lemma abs_pmf_tau_dist_code_diff_le:
  fixes \<tau> :: "'n::finite \<Rightarrow> 'a \<Rightarrow> 'l" and C :: "('a ^ 'n) set"
  assumes C: "vec.subspace C"
  shows "\<bar>pmf (tau_dist \<tau> C) z - pmf (tau_dist \<tau> UNIV) z\<bar>
           \<le> (\<Sum>a\<in>dual_code C - {0}. \<Prod>j\<in>UNIV. cmod (fiber_fourier w (\<tau> j) (- a $ j) (z j)))
             / CARD('a ^ 'n)"
proof -
  have "\<bar>pmf (tau_dist \<tau> C) z - pmf (tau_dist \<tau> UNIV) z\<bar>
      = cmod (complex_of_real (pmf (tau_dist \<tau> C) z - pmf (tau_dist \<tau> UNIV) z))"
    by (simp only: norm_of_real)
  also have "\<dots> = cmod (\<Sum>a\<in>dual_code C - {0}. \<Prod>j\<in>UNIV. fiber_fourier w (\<tau> j) (- a $ j) (z j))
                    / CARD('a ^ 'n)"
    unfolding pmf_tau_dist_code_diff[OF C] by (simp add: norm_divide norm_power)
  also have "\<dots> \<le> (\<Sum>a\<in>dual_code C - {0}. \<Prod>j\<in>UNIV. cmod (fiber_fourier w (\<tau> j) (- a $ j) (z j)))
                    / CARD('a ^ 'n)"
    by (intro divide_right_mono order.trans[OF norm_sum]) (simp_all add: prod_norm)
  finally show ?thesis .
qed

lemma SD_tau_dist_code_le:
  fixes \<tau> :: "'n::finite \<Rightarrow> 'a \<Rightarrow> 'l" and C :: "('a ^ 'n) set"
  assumes C: "vec.subspace C"
  shows "SD (tau_dist \<tau> C) (tau_dist \<tau> UNIV)
           \<le> 1 / 2 / CARD('a ^ 'n) * (\<Sum>a\<in>dual_code C - {0}. \<Prod>j\<in>UNIV.
                 \<Sum>l\<in>range (\<tau> j). cmod (fiber_fourier w (\<tau> j) (- a $ j) l))"
proof -
  let ?D = "dual_code C - {0}" and ?N = "CARD('a ^ 'n)"
  let ?F = "\<lambda>a j l. cmod (fiber_fourier w (\<tau> j) (- a $ j) l)"
  define Z where "Z = PiE UNIV (\<lambda>j. range (\<tau> j))"
  have "C \<noteq> {}"
    using vec.subspace_0[OF C] by blast
  then have "set_pmf (tau_dist \<tau> C) \<union> set_pmf (tau_dist \<tau> UNIV) \<subseteq> Z"
    by (auto simp: set_pmf_tau_dist Z_def)
  then have "SD (tau_dist \<tau> C) (tau_dist \<tau> UNIV)
      \<le> 1 / 2 * (\<Sum>z\<in>Z. \<bar>pmf (tau_dist \<tau> C) z - pmf (tau_dist \<tau> UNIV) z\<bar>)"
    unfolding SD_def by (intro mult_left_mono sum_mono2) (auto simp: Z_def intro!: finite_PiE)
  also have "\<dots> \<le> 1 / 2 * (\<Sum>z\<in>Z. (\<Sum>a\<in>?D. \<Prod>j\<in>UNIV. ?F a j (z j)) / ?N)"
    by (intro mult_left_mono sum_mono abs_pmf_tau_dist_code_diff_le[OF C]) simp
  also have "\<dots> = 1 / 2 / ?N * (\<Sum>z\<in>Z. \<Sum>a\<in>?D. \<Prod>j\<in>UNIV. ?F a j (z j))"
    by (simp add: sum_divide_distrib sum_distrib_left)
  also have "\<dots> = 1 / 2 / ?N * (\<Sum>a\<in>?D. \<Sum>z\<in>Z. \<Prod>j\<in>UNIV. ?F a j (z j))"
    by (subst sum.swap) (rule refl)
  also have "\<dots> = 1 / 2 / ?N * (\<Sum>a\<in>?D. \<Prod>j\<in>UNIV. \<Sum>l\<in>range (\<tau> j). ?F a j l)"
    unfolding Z_def by (simp add: prod_sum_PiE)
  finally show ?thesis .
qed

lemma SD_tau_dist_code_weight_le:
  fixes \<tau> :: "'n::finite \<Rightarrow> 'a \<Rightarrow> 'l" and C :: "('a ^ 'n) set"
  assumes C: "vec.subspace C" and m: "\<And>j. card (range (\<tau> j)) \<le> m"
  defines "c \<equiv> m * sin (pi / m) / (CHAR('a) * sin (pi / CHAR('a)))"
  shows "SD (tau_dist \<tau> C) (tau_dist \<tau> UNIV) \<le> 1 / 2 * (\<Sum>a\<in>dual_code C - {0}. c ^ hweight a)"
proof -
  let ?q = "real CARD('a)"
  have coord: "(\<Sum>l\<in>range (\<tau> j). cmod (fiber_fourier w (\<tau> j) (- a $ j) l))
      \<le> ?q * (if a $ j = 0 then 1 else c)" for j and a :: "'a ^ 'n"
    using sum_norm_fiber_fourier_0[of "\<tau> j"]
          sum_norm_fiber_fourier_le[of "- a $ j" "\<tau> j" m] m[of j]
    by (simp add: c_def field_simps)
  have weight: "(\<Prod>j\<in>UNIV. ?q * (if a $ j = 0 then 1 else c)) = ?q ^ CARD('n) * c ^ hweight a"
    for a :: "'a ^ 'n"
    by (simp add: prod.distrib prod.If_cases hweight_def Compl_eq_Diff_UNIV [symmetric] Collect_neg_eq)
  have "SD (tau_dist \<tau> C) (tau_dist \<tau> UNIV)
      \<le> 1 / 2 / CARD('a ^ 'n) * (\<Sum>a\<in>dual_code C - {0}. \<Prod>j\<in>UNIV. ?q * (if a $ j = 0 then 1 else c))"
    by (rule order.trans[OF SD_tau_dist_code_le[OF C]])
       (intro mult_left_mono sum_mono prod_mono conjI coord sum_nonneg; simp)
  also have "\<dots> = 1 / 2 * (\<Sum>a\<in>dual_code C - {0}. c ^ hweight a)"
    by (simp add: weight sum_distrib_left)
  finally show ?thesis .
qed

▶ [Instructions to follow] Transcribe exactly, and only, the lines from the one holding "by (simp add: prod.distrib" through the final line of the listing.

▶ [Solution for this exercise]
    by (simp add: prod.distrib prod.If_cases hweight_def Compl_eq_Diff_UNIV [symmetric] Collect_neg_eq)
  have "SD (tau_dist \<tau> C) (tau_dist \<tau> UNIV)
      \<le> 1 / 2 / CARD('a ^ 'n) * (\<Sum>a\<in>dual_code C - {0}. \<Prod>j\<in>UNIV. ?q * (if a $ j = 0 then 1 else c))"
    by (rule order.trans[OF SD_tau_dist_code_le[OF C]])
       (intro mult_left_mono sum_mono prod_mono conjI coord sum_nonneg; simp)
  also have "\<dots> = 1 / 2 * (\<Sum>a\<in>dual_code C - {0}. c ^ hweight a)"
    by (simp add: weight sum_distrib_left)
  finally show ?thesis .
qed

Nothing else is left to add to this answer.